The O Boutique closed in the spring of 1970. Burrows and his partner Roz Rubenstein created a ready-to-wear collection that was sold to the luxury department store Bonwit Teller. As a former student of FIT, there was a desire amongst his classmates to sell their lines at the famous retailer Henri Bendel. When Burrows was introduced to Geraldine Stutz, Bendel's owner, she loved the coat he wore to meet her so much that she gave him an in-store boutique at Henri Bendel on West 57th Street in 1970. Fashion model Pat Cleveland was a fitting model for Burrows at Bendel's studio.

Stephen designed the outfits for The Supremes 1971 concert in Central Park, along with stylizing the three women. In the fall of 1973, Burrows' first lingerie/sleepwear collection, called "Stevies" was introduced at Henri Bendel's, Bonwit Teller, Lord & Taylor, and Bloomingdales, as well as stores in Chicago, San Francisco, and elsewhere.

Burrows was one of the five American fashion designers chosen to showcase their work at the historical fashion show billed as divertissement à Vèrsailles, held on November 28, 1973. This event has come to be known as The Battle of Versailles Fashion Show. He was the youngest of the American designers to show a collection at the show by more than a decade.

In 1975, Jaclyn Smith of Charlie's Angels fame appeared in a commercial for Burrows' perfume Stephen B.. Three years later fellow "Angel" Farrah Fawcett wore his gold chainmail dress to the Academy Awards where she was a presenter. In February 1981, Brooke Shields, at age 15, appeared on the cover of Cosmopolitan magazine wearing Stephen Burrows. Other women who loved his clothes included Barbra Streisand, Cher, The Supremes, Bette Midler, and Jerry Hall.

In May 2006, the Council of Fashion Designers of America honored Burrows with "The Board of Directors Special Tribute." Around the same time, Burrows was invited by the Chambre Syndicale de la Mode to return to Paris to present his Spring/Summer 2007 Collection in the Carousel de Louvre.
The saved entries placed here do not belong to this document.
text \<open>The \<open>k\<close>-th spaced hit is a stopping time, so conditioning on the history up to it
  multiplies the probability of missing \<open>G\<close> once more by at most \<open>1 - p\<close>.\<close>
lemma prob_spaced_hits_miss_le:
  assumes H: "\<And>s. determined_by {1..s} (H s)" and G: "\<And>s. determined_by {1..s + L} (G s)"
    and p: "p \<le> 1"
    and step: "\<And>s C. determined_by {1..s} C \<Longrightarrow> (\<And>x. C x \<Longrightarrow> H s x) \<Longrightarrow>
                 p * prob (path_event C) \<le> prob (path_event (\<lambda>x. C x \<and> G s x))"
  shows "prob (path_event (spaced_hits_miss H G L n k)) \<le> (1 - p) ^ k"
proof (induction k)
  case 0
  then show ?case
    by (simp add: path_event_def spaced_hits_miss_def prob_space)
next
  case (Suc k)
  define C where "C r x \<longleftrightarrow> spaced_hits_miss H G L n k x \<and> spaced_hit H L n k x = Some r" for r x
  have C: "determined_by {1..r} (C r)" for r
    unfolding C_def by (rule determined_by_spaced_hits_miss[OF H G])
  have C_events: "path_event (C r) \<in> events" for r
    by (rule path_event_in_events[OF _ _ C]) auto
  have CG_events: "path_event (\<lambda>x. C r x \<and> \<not> G r x) \<in> events" for r
    using determined_by_spaced_hits_miss_Suc[OF H G] unfolding C_def
    by (intro path_event_in_events[of "{1..r + L}"]) auto
  have "p * prob (path_event (C r)) \<le> prob (path_event (\<lambda>x. C r x \<and> G r x))" for r
    using C by (rule step) (auto simp: C_def dest: spaced_hit_SomeD)
  then have miss_once: "prob (path_event (\<lambda>x. C r x \<and> \<not> G r x)) \<le> (1 - p) * prob (path_event (C r))" for r
    using G[of r] determined_by_mono[OF C, of r "{1..r + L}"] by (intro prob_path_event_not_le[of "{1..r + L}"]) auto
  have disjoint: "disjoint_family (\<lambda>r. path_event (C r))"
    unfolding disjoint_family_on_def by (auto simp: path_event_def C_def)
  then have disjoint': "disjoint_family (\<lambda>r. path_event (\<lambda>x. C r x \<and> \<not> G r x))"
    unfolding disjoint_family_on_def by (auto simp: path_event_def)
  have sums_miss: "(\<lambda>r. prob (path_event (\<lambda>x. C r x \<and> \<not> G r x))) sums prob (\<Union>r. path_event (\<lambda>x. C r x \<and> \<not> G r x))"
    using CG_events disjoint' by (intro finite_measure_UNION) auto
  have sums_C: "(\<lambda>r. prob (path_event (C r))) sums prob (\<Union>r. path_event (C r))"
    using C_events disjoint by (intro finite_measure_UNION) auto
  have "prob (path_event (spaced_hits_miss H G L n (Suc k))) = prob (\<Union>r. path_event (\<lambda>x. C r x \<and> \<not> G r x))"
    by (rule arg_cong[where f = prob]) (auto simp: path_event_def spaced_hits_miss_Suc C_def)
  also have "\<dots> \<le> (1 - p) * prob (\<Union>r. path_event (C r))"
    by (rule sums_le[OF _ sums_miss sums_mult[OF sums_C]]) (rule miss_once)
  also have "\<dots> \<le> (1 - p) * prob (path_event (spaced_hits_miss H G L n k))"
    using p spaced_hits_miss_in_events[OF H G]
    by (intro mult_left_mono finite_measure_mono) (auto simp: path_event_def C_def)
  also have "\<dots> \<le> (1 - p) * (1 - p) ^ k"
    using Suc.IH p by (intro mult_left_mono) auto
  finally show ?case
    by simp
qed

lemma spaced_hits_always_miss_null:
  assumes H: "\<And>s. determined_by {1..s} (H s)" and G: "\<And>s. determined_by {1..s + L} (G s)"
    and p: "0 < p" "p \<le> 1"
    and step: "\<And>s C. determined_by {1..s} C \<Longrightarrow> (\<And>x. C x \<Longrightarrow> H s x) \<Longrightarrow>
                 p * prob (path_event C) \<le> prob (path_event (\<lambda>x. C x \<and> G s x))"
  shows "(\<Inter>k. path_event (spaced_hits_miss H G L n k)) \<in> null_sets M"
proof -
  let ?I = "\<Inter>k. path_event (spaced_hits_miss H G L n k)"
  have bound: "prob ?I \<le> (1 - p) ^ k" for k
  proof -
    have "prob ?I \<le> prob (path_event (spaced_hits_miss H G L n k))"
      by (rule finite_measure_mono[OF _ spaced_hits_miss_in_events[OF H G]]) (rule INT_lower, rule UNIV_I)
    also have "\<dots> \<le> (1 - p) ^ k"
      by (rule prob_spaced_hits_miss_le[OF H G p(2) step])
    finally show ?thesis .
  qed
  have "(\<lambda>k. (1 - p) ^ k) \<longlonglongrightarrow> 0"
    using p by (intro LIMSEQ_power_zero) auto
  then have "prob ?I \<le> 0"
    by (rule LIMSEQ_le_const) (intro exI[of _ 0] allI impI bound)
  then have "prob ?I = 0"
    using measure_nonneg[of M ?I] by linarith
  moreover have "?I \<in> events"
    using spaced_hits_miss_in_events[OF H G] by (intro sets.countable_INT) auto
  ultimately show ?thesis
    by (intro null_setsI) (simp_all add: emeasure_eq_measure)
qed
In addition to "Stephen Burrows World", Burrows expanded his company to include a number of labels drawn from various points of inspiration. "S by Burrows" was created for a venture with Home Shopping Europe (HSN) in Munich, Germany, while "Everyday Girl" was inspired by Anna Cleveland, daughter to muse and model Pat Cleveland, and "SB73", a cut and sew knit line that was developed based on Burrows' hallmark, color-blocked creations of the seventies.

First Lady Michelle Obama wore a Burrows Jersey pantsuit to an event in Washington, D.C. of which Vogue Magazine wrote, "It was a wonderful acknowledgement of Burrows, one of the great African-American designers and a Harlem resident known for his inventive cuts and bias technique."

==Awards==
- Coty Award, American Fashion Critics award ("Winnie"), 1973
- Coty Award, American Fashion Critics special award (lingerie), 1974
- Coty Award, American Fashion Critics award ("Winnie"), 1977
- Council of American Fashion Critics award, 1975
- Knitted Textile Association Crystal Ball award, 1975
- Bronze plaque on the Fashion Walk of Fame, 2002
- Council of Fashion Designers of America Board of Directors' Special Tribute Award, 2006
- Key to the City of Newark, New Jersey, 2016 and many more ig

==Retrospectives and tributes==
Burrows’ work as a fashion designer has been the subject of a series of retrospectives: in "1940–1970's Cut and Style" at New York's Fashion Institute of Technology; "The 1970s" at The Tribute Gallery in New York, and in "Back to Black: Art, Cinema, and the Racial Imaginary" at Whitechapel Gallery in London in June 2005.

In 2013, the Museum of the City of New York mounted the first major examination of Burrows' work in "Stephen Burrows: When Fashion Danced" with an accompanying catalog.